Keywords: solid waste. basic sanitation. environmental justice. favela. public policy.
1. INTRODUÇÃO
No contexto carioca, a desigualdade no acesso aos serviços de saneamento ambiental revela disparidades territoriais históricas, particularmente nas favelas, onde a coleta de resíduos é precária ou inexistente. A ausência de infraestrutura adequada e o estigma da informalidade dificultam a universalização dos serviços e agravam os impactos ambientais e sociais.

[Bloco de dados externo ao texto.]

lemma quotient_lower_bound:
  fixes r a b u :: real
  assumes "0 \<le> r" "r \<le> a" "r \<le> b" "a < 1" "b < 1" "0 \<le> u"
  shows "(1 + r) / 2 * (u / sqrt (u\<^sup>2 + (1 - a\<^sup>2) * (1 - b\<^sup>2)))
    \<le> u / sqrt (u\<^sup>2 + 4 * (1 - a) * (1 - b))"
proof -
  have "(1 + r)\<^sup>2 \<le> (1 + a) * (1 + b)"
    using assms unfolding power2_eq_square by (intro mult_mono) auto
  then have "(1 + r)\<^sup>2 * (4 * (1 - a) * (1 - b)) \<le> ((1 + a) * (1 + b)) * (4 * (1 - a) * (1 - b))"
    using assms by (intro mult_right_mono) auto
  also have "\<dots> = 4 * ((1 - a\<^sup>2) * (1 - b\<^sup>2))" by (simp add: power2_eq_square algebra_simps)
  finally have "(1 + r)\<^sup>2 * (4 * (1 - a) * (1 - b)) \<le> 4 * ((1 - a\<^sup>2) * (1 - b\<^sup>2))" .
  moreover have "(1 + r)\<^sup>2 * u\<^sup>2 \<le> 2\<^sup>2 * u\<^sup>2"
    using assms by (intro mult_right_mono power_mono) auto
  ultimately have "((1 + r) / 2)\<^sup>2 * (u\<^sup>2 + 4 * (1 - a) * (1 - b)) \<le> 1\<^sup>2 * (u\<^sup>2 + (1 - a\<^sup>2) * (1 - b\<^sup>2))"
    by (simp add: power_divide field_simps)
  moreover have "0 < (1 - a\<^sup>2) * (1 - b\<^sup>2)" using assms by (simp add: abs_square_less_1)
  moreover have "0 < 4 * (1 - a) * (1 - b)" using assms by simp
  ultimately show ?thesis
    using scaled_quotient_le[of u _ _ "(1 + r) / 2" 1] assms by simp
qed

lemma one_minus_two_r_plus_two_r_sq_pos:
  fixes r :: real
  shows "0 < 1 - 2 * r + 2 * r\<^sup>2"
proof -
  have "0 < (1 - r)\<^sup>2 + r\<^sup>2" by (auto simp: sum_power2_gt_zero_iff)
  also have "\<dots> = 1 - 2 * r + 2 * r\<^sup>2" by (simp add: power2_eq_square algebra_simps)
  finally show ?thesis .
qed

text \<open>
  \<open>(1 + ab)\<^sup>2 / ((2 - a - b)\<^sup>2 + 4ab)\<close> is \<open>(p / th)\<^sup>2\<close> for the points \<open>a e\<close> and \<open>-b e\<close> on a diameter.
  Cross-multiplied, the difference below factors as \<open>(a' - a)\<close> times a polynomial that is
  linear in \<open>a + a'\<close> and in \<open>a a'\<close> with nonpositive coefficients, so it is minimal at
  \<open>a = a' = 1\<close>, where it equals \<open>2(1 - b\<^sup>2)\<^sup>2\<close>.
\<close>
lemma diametral_ratio_mono:
  fixes a a' b :: real
  assumes "0 \<le> a" "a \<le> a'" "a' \<le> 1" "0 \<le> b" "b \<le> 1"
  shows "(1 + a * b)\<^sup>2 * ((2 - a' - b)\<^sup>2 + 4 * a' * b) \<le> (1 + a' * b)\<^sup>2 * ((2 - a - b)\<^sup>2 + 4 * a * b)"
proof -
  define s where "s = b ^ 4 - 4 * b ^ 3 + 4 * b\<^sup>2 - 1"
  define p where "p = 6 * b ^ 3 - 4 * b\<^sup>2 - 2 * b"
  define c where "c = 4 + 2 * b - 8 * b\<^sup>2 + 2 * b ^ 3"
  have "s = - ((1 - b)\<^sup>2 * (1 + 2 * b - b\<^sup>2))"
    by (simp add: s_def power2_eq_square power3_eq_cube power4_eq_xxxx algebra_simps)
  moreover have "b\<^sup>2 \<le> b" using assms by (simp add: power2_eq_square mult_left_le)
  ultimately have s: "s \<le> 0" using assms by simp
  have "p = - (2 * b * ((1 - b) * (1 + 3 * b)))"
    by (simp add: p_def power2_eq_square power3_eq_cube algebra_simps)
  then have p: "p \<le> 0" using assms by simp
  have sum: "2 * s \<le> (a + a') * s" using s assms by (intro mult_right_mono_neg) auto
  have "a * a' \<le> 1" using assms by (simp add: mult_le_one)
  then have prod: "p \<le> (a * a') * p" using p by (metis mult_1 mult_right_mono_neg)
  have "c + 2 * s + p = 2 * (1 - b\<^sup>2)\<^sup>2"
    by (simp add: c_def s_def p_def power2_eq_square power3_eq_cube power4_eq_xxxx algebra_simps)
  then have "0 \<le> c + (a + a') * s + (a * a') * p" using sum prod by (smt (verit) zero_le_power2)
  moreover have "(1 + a' * b)\<^sup>2 * ((2 - a - b)\<^sup>2 + 4 * a * b) - (1 + a * b)\<^sup>2 * ((2 - a' - b)\<^sup>2 + 4 * a' * b)
      = (a' - a) * (c + (a + a') * s + (a * a') * p)"
    by (simp add: c_def s_def p_def power2_eq_square power3_eq_cube power4_eq_xxxx algebra_simps)
  ultimately show ?thesis using assms by (smt (verit) mult_nonneg_nonneg)
qed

.A gestão de resíduos sólidos urbanos – RSU constitui uma das maiores fragilidades do saneamento básico brasileiro, especialmente em grandes metrópoles como o Rio de Janeiro. Embora a Política Nacional de Resíduos Sólidos – PNRS, instituída pela Lei nº 12.305/2010, tenha representado um marco importante ao prever diretrizes e princípios voltados à responsabilidade compartilhada, prevenção e sustentabilidade, sua implementação ainda enfrenta desafios consideráveis.

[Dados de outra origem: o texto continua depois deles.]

text \<open>Approximation inside a ball: pushing y towards the centre c by the fraction t and
  then rounding gives, for large N, a type point still in the ball and close to y.\<close>

lemma type_point_in_ball_near:
  fixes c y :: "real^'k::finite"
  assumes c: "c \<in> simplexM" and y: "y \<in> simplexM" and cy: "dmax c y < r"
    and t: "0 < t" "t < 1" and N: "N > 0" and Nt: "real CARD('k) / real N \<le> t * r"
  shows "\<exists>n\<in>types N. dmax c (type_point N n) < r
           \<and> norm (type_point N n - y) \<le> t * real CARD('k) + real CARD('k) * real CARD('k) / real N"
proof -
  define k where "k = real CARD('k)"
  define y' where "y' = (1 - t) *\<^sub>R y + t *\<^sub>R c"
  have y'M: "y' \<in> simplexM" unfolding y'_def using y c t by (intro convex_comb_simplexM) auto
  have "dmax c y' \<le> (1 - t) * dmax c y" unfolding y'_def using t by (intro dmax_convex_comb) auto
  also have "\<dots> < (1 - t) * r" using cy t by (intro mult_strict_left_mono) auto
  also have "\<dots> \<le> (1 - t) * r + t * r - k / real N" using Nt unfolding k_def by simp
  finally have cy': "dmax c y' < r - k / real N" by (simp add: algebra_simps)
  have "y' - y = t *\<^sub>R (c - y)" by (simp add: y'_def algebra_simps)
  hence "norm (y' - y) = t * norm (c - y)" using t by simp
  also have "\<dots> \<le> t * (k * dmax c y)"
    using t norm_le_card_dmax[of c y] unfolding k_def by (intro mult_left_mono) auto
  also have "\<dots> \<le> t * k"
    using t dmax_simplexM_le_1[OF c y] unfolding k_def by (simp add: mult_left_le)
  finally have y'y: "norm (y' - y) \<le> t * k" .
  obtain n where n: "n \<in> types N" and nd: "dmax (type_point N n) y' \<le> k / real N"
    using type_point_approx[OF y'M N] unfolding k_def by blast
  define q where "q = type_point N n"
  have "dmax c q \<le> dmax c y' + dmax y' q" by (rule dmax_triangle)
  hence "dmax c q < r" using cy' nd by (simp add: q_def dmax_comm)
  moreover have "norm (q - y') \<le> k * (k / real N)"
    using norm_le_card_dmax[of q y'] nd unfolding q_def k_def
    by (meson mult_left_mono of_nat_0_le_iff order_trans)
  hence "norm (q - y) \<le> t * k + k * k / real N"
    using norm_triangle_ineq[of "q - y'" "y' - y"] y'y by simp
  ultimately show ?thesis using n unfolding q_def k_def by blast
qed


section \<open>Bounds on the multinomial law\<close>

lemma ereal_mult_elog: "N > 0 \<Longrightarrow> s > 0 \<Longrightarrow> ereal (1 / real N) * elog s = ereal (ln s / real N)"
  by (simp add: elog_def)

lemma mn_weight_le_of_entropy_ge:
  fixes p :: "real^'k::finite"
  assumes p: "p \<in> simplexM" and N: "N > 0" and n: "n \<in> types N"
    and m: "ereal m \<le> rel_entropy p (type_point N n)"
  shows "mn_weight p N n \<le> exp 2 * (real N + 1) * exp (- real N * m)"
proof (cases "rel_entropy p (type_point N n)")
  case (real r)
  hence "m \<le> r" using m by simp
  hence "exp (- real N * r) \<le> exp (- real N * m)" by (simp add: mult_left_mono)
  thus ?thesis using mn_weight_bounds(1)[OF p N n real] by (simp add: order_trans)
next
  case PInf thus ?thesis using mn_weight_eq_0[OF PInf] by simp
next
  case MInf thus ?thesis using m by simp
qed

text \<open>Upper bound (v): (1/N) log P[Z(p)/N \<in> \<Gamma>] <= - inf_\<Gamma> H(.|p) + O(log N / N), uniformly in p.
  The weight of every type in \<Gamma> is at most e^2 (N+1) exp(-N inf H), and there are at most
  (N+1)^k types.\<close>

lemma mn_prob_upper_bound:
  fixes p :: "real^'k::finite"
  assumes p: "p \<in> simplexM" and N: "N > 0" and \<Gamma>: "\<Gamma> \<subseteq> simplexM"
  shows "ereal (1 / real N) * elog (mn_prob p N \<Gamma>)
          \<le> - (INF y\<in>\<Gamma>. rel_entropy p y) + ereal ((2 + (real CARD('k) + 1) * ln (real N + 1)) / real N)"
proof -
  define S where "S = {n \<in> types N. type_point N n \<in> \<Gamma>}"
  define m where "m = (INF y\<in>\<Gamma>. rel_entropy p y)"
  have s: "mn_prob p N \<Gamma> = (\<Sum>n\<in>S. mn_weight p N n)" unfolding S_def mn_prob_def ..
  show ?thesis
  proof (cases "mn_prob p N \<Gamma> > 0")
    case False
    thus ?thesis using N by (simp add: elog_def)
  next
    case True
    then obtain n0 where n0: "n0 \<in> S" "mn_weight p N n0 \<noteq> 0"
      unfolding s by (metis less_irrefl sum.neutral)
    have "m \<le> rel_entropy p (type_point N n0)" unfolding m_def using n0 by (auto simp: S_def intro: INF_lower)
    moreover have "rel_entropy p (type_point N n0) \<noteq> \<infinity>" using n0 mn_weight_eq_0 by blast
    moreover have "m \<ge> 0" unfolding m_def using rel_entropy_nonneg[OF p] \<Gamma> by (intro INF_greatest) auto
    ultimately obtain mr where mr: "m = ereal mr" by (cases m) auto
    have "mn_prob p N \<Gamma> \<le> (\<Sum>n\<in>S. exp 2 * (real N + 1) * exp (- real N * mr))"
      unfolding s
    proof (intro sum_mono mn_weight_le_of_entropy_ge[OF p N])
      fix n assume "n \<in> S"
      hence "n \<in> types N" and "m \<le> rel_entropy p (type_point N n)"
        unfolding S_def m_def by (auto intro: INF_lower)
      thus "n \<in> types N" "ereal mr \<le> rel_entropy p (type_point N n)" using mr by auto
    qed
    also have "\<dots> = real (card S) * (exp 2 * (real N + 1) * exp (- real N * mr))" by simp
    also have "\<dots> \<le> (real N + 1) ^ CARD('k) * (exp 2 * (real N + 1) * exp (- real N * mr))"
    proof (intro mult_right_mono)
      have "real (card S) \<le> real ((N+1) ^ CARD('k))"
        unfolding S_def of_nat_le_iff by (rule card_types_subset)
      thus "real (card S) \<le> (real N + 1) ^ CARD('k)" by (simp add: add.commute)
    qed auto
    finally have "ln (mn_prob p N \<Gamma>)
        \<le> ln ((real N + 1) ^ CARD('k) * (exp 2 * (real N + 1) * exp (- real N * mr)))"
      using True by simp
    also have "\<dots> = real CARD('k) * ln (real N + 1) + 2 + ln (real N + 1) - real N * mr"
      by (simp add: ln_mult ln_realpow)
    finally have "ln (mn_prob p N \<Gamma>) / real N
        \<le> - mr + (2 + (real CARD('k) + 1) * ln (real N + 1)) / real N"
      using N by (simp add: field_simps)
    thus ?thesis using ereal_mult_elog[OF N True] mr unfolding m_def by simp
  qed
qed

lemma mn_prob_lower_bound:
  fixes p :: "real^'k::finite"
  assumes p: "p \<in> simplexM" and N: "N > 0" and n: "n \<in> types N" and n\<Gamma>: "type_point N n \<in> \<Gamma>"
    and r: "rel_entropy p (type_point N n) = ereal r"
  shows "ereal (- r - real CARD('k) * (2 + ln (real N + 1)) / real N)
          \<le> ereal (1 / real N) * elog (mn_prob p N \<Gamma>)"
proof -
  define lb where "lb = exp (- real N * r) / (exp 2 * (real N + 1)) ^ CARD('k)"
  have "lb \<le> mn_weight p N n" unfolding lb_def by (rule mn_weight_bounds(2)[OF p N n r])
  also have "\<dots> \<le> mn_prob p N \<Gamma>" unfolding mn_prob_def using n n\<Gamma> simplex_nonneg[OF p]
    by (intro member_le_sum mn_weight_nonneg finite_types_subset) auto
  finally have lb_le: "lb \<le> mn_prob p N \<Gamma>" .
  have lb_pos: "lb > 0" by (simp add: lb_def)
  hence "ln lb \<le> ln (mn_prob p N \<Gamma>)" using lb_le by (intro ln_mono) auto
  moreover have "ln lb = - real N * r - real CARD('k) * (2 + ln (real N + 1))"
    by (simp add: lb_def ln_div ln_realpow ln_mult)
  ultimately have "- real N * r - real CARD('k) * (2 + ln (real N + 1)) \<le> ln (mn_prob p N \<Gamma>)"
    by linarith
  hence "(- real N * r - real CARD('k) * (2 + ln (real N + 1))) / real N \<le> ln (mn_prob p N \<Gamma>) / real N"
    by (intro divide_right_mono) auto
  moreover have "(- real N * r - real CARD('k) * (2 + ln (real N + 1))) / real N
      = - r - real CARD('k) * (2 + ln (real N + 1)) / real N" using N by (simp add: field_simps)
  ultimately have "- r - real CARD('k) * (2 + ln (real N + 1)) / real N \<le> ln (mn_prob p N \<Gamma>) / real N"
    by simp
  moreover have "mn_prob p N \<Gamma> > 0" using lb_pos lb_le by linarith
  ultimately show ?thesis using ereal_mult_elog[OF N] by simp
qed


lemma rel_entropy_INF_approx:
  fixes p :: "real^'k::finite"
  assumes p: "p \<in> simplexM" and p_pos: "\<And>i. p$i > 0" and U: "U \<subseteq> simplexM" "c \<in> U" and \<epsilon>: "\<epsilon> > 0"
  shows "\<exists>mr. (INF y\<in>U. rel_entropy p y) = ereal mr \<and> (\<exists>y\<in>U. rel_entropy_real p y < mr + \<epsilon>)"
proof -
  define m where "m = (INF y\<in>U. rel_entropy p y)"
  have real: "rel_entropy p y = ereal (rel_entropy_real p y)" for y
    using p_pos by (intro rel_entropy_finite) (metis less_irrefl)
  have "m \<le> rel_entropy p c" unfolding m_def using U by (intro INF_lower)
  moreover have "m \<ge> 0" unfolding m_def using rel_entropy_nonneg[OF p] U by (intro INF_greatest) auto
  ultimately obtain mr where mr: "m = ereal mr" using real[of c] by (cases m) auto
  hence "(INF y\<in>U. rel_entropy p y) < ereal (mr + \<epsilon>)" using \<epsilon> by (simp add: m_def)
  then obtain y where "y \<in> U" "rel_entropy p y < ereal (mr + \<epsilon>)" by (auto simp: INF_less_iff)
  thus ?thesis using mr real[of y] unfolding m_def by auto
qed

lemma mn_prob_lower_bound_INF:
  fixes p :: "real^'k::finite"
  assumes p: "p \<in> simplexM" and p_pos: "\<And>i. p$i > 0" and N: "N > 0"
    and U: "U \<subseteq> simplexM" "c \<in> U" and \<epsilon>: "\<epsilon> > 0"
    and approx: "\<And>y. y \<in> U \<Longrightarrow> \<exists>n\<in>types N. type_point N n \<in> U
                   \<and> rel_entropy_real p (type_point N n) \<le> rel_entropy_real p y + a"
  shows "- (INF y\<in>U. rel_entropy p y) - ereal (\<epsilon> + a + real CARD('k) * (2 + ln (real N + 1)) / real N)
          \<le> ereal (1 / real N) * elog (mn_prob p N U)"
proof -
  obtain mr y where mr: "(INF y\<in>U. rel_entropy p y) = ereal mr" and y: "y \<in> U"
      and y_near: "rel_entropy_real p y < mr + \<epsilon>"
    using rel_entropy_INF_approx[OF p p_pos U \<epsilon>] by blast
  obtain n where n: "n \<in> types N" and qU: "type_point N n \<in> U"
      and q_near: "rel_entropy_real p (type_point N n) \<le> rel_entropy_real p y + a"
    using approx[OF y] by blast
  have "rel_entropy p (type_point N n) = ereal (rel_entropy_real p (type_point N n))"
    using p_pos by (intro rel_entropy_finite) (metis less_irrefl)
  from mn_prob_lower_bound[OF p N n qU this]
  show ?thesis using mr y_near q_near by (simp add: order_trans[rotated])
qed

Este artigo é um desdobramento de um Trabalho de Conclusão de Curso (TCC) apresentado na pós-graduação em Engenharia Ambiental de um dos autores. Para esta versão, com vistas à publicação científica, o trabalho foi reformulado com a colaboração de um segundo autor, que contribuiu com a redação e com a incorporação de dados e análises atualizadas sobre o Município do Rio de Janeiro. O objetivo é promover uma reflexão crítica sobre os avanços, os limites e as perspectivas da gestão de resíduos sólidos na cidade, com ênfase na integração entre participação social e justiça ambiental.
2. FUNDAMENTAÇÃO TEÓRICA
2.1 Fundamentos e Desafios da Gestão de Resíduos Sólidos Urbanos
A gestão de resíduos sólidos urbanos tem raízes que remontam às civilizações antigas, revelando uma relação intrínseca entre saúde pública e organização do espaço urbano. Conforme destacado pela Fundação Nacional de Saúde, os registros históricos indicam que as práticas de saneamento sempre acompanharam os estágios civilizatórios, oscilando entre avanços e retrocessos conforme o grau de desenvolvimento sociopolítico (Brasil, 2004). Exemplo notório dessa dinâmica é a experiência do Império Romano, cuja engenharia permitiu a construção de aquedutos e sistemas de esgoto eficazes, posteriormente desmantelados ou negligenciados durante a Idade Média, ocasionando sucessivas epidemias — como a peste bubônica — fruto da precariedade sanitária e da ausência de políticas públicas de higiene urbana (Brasil, 2004).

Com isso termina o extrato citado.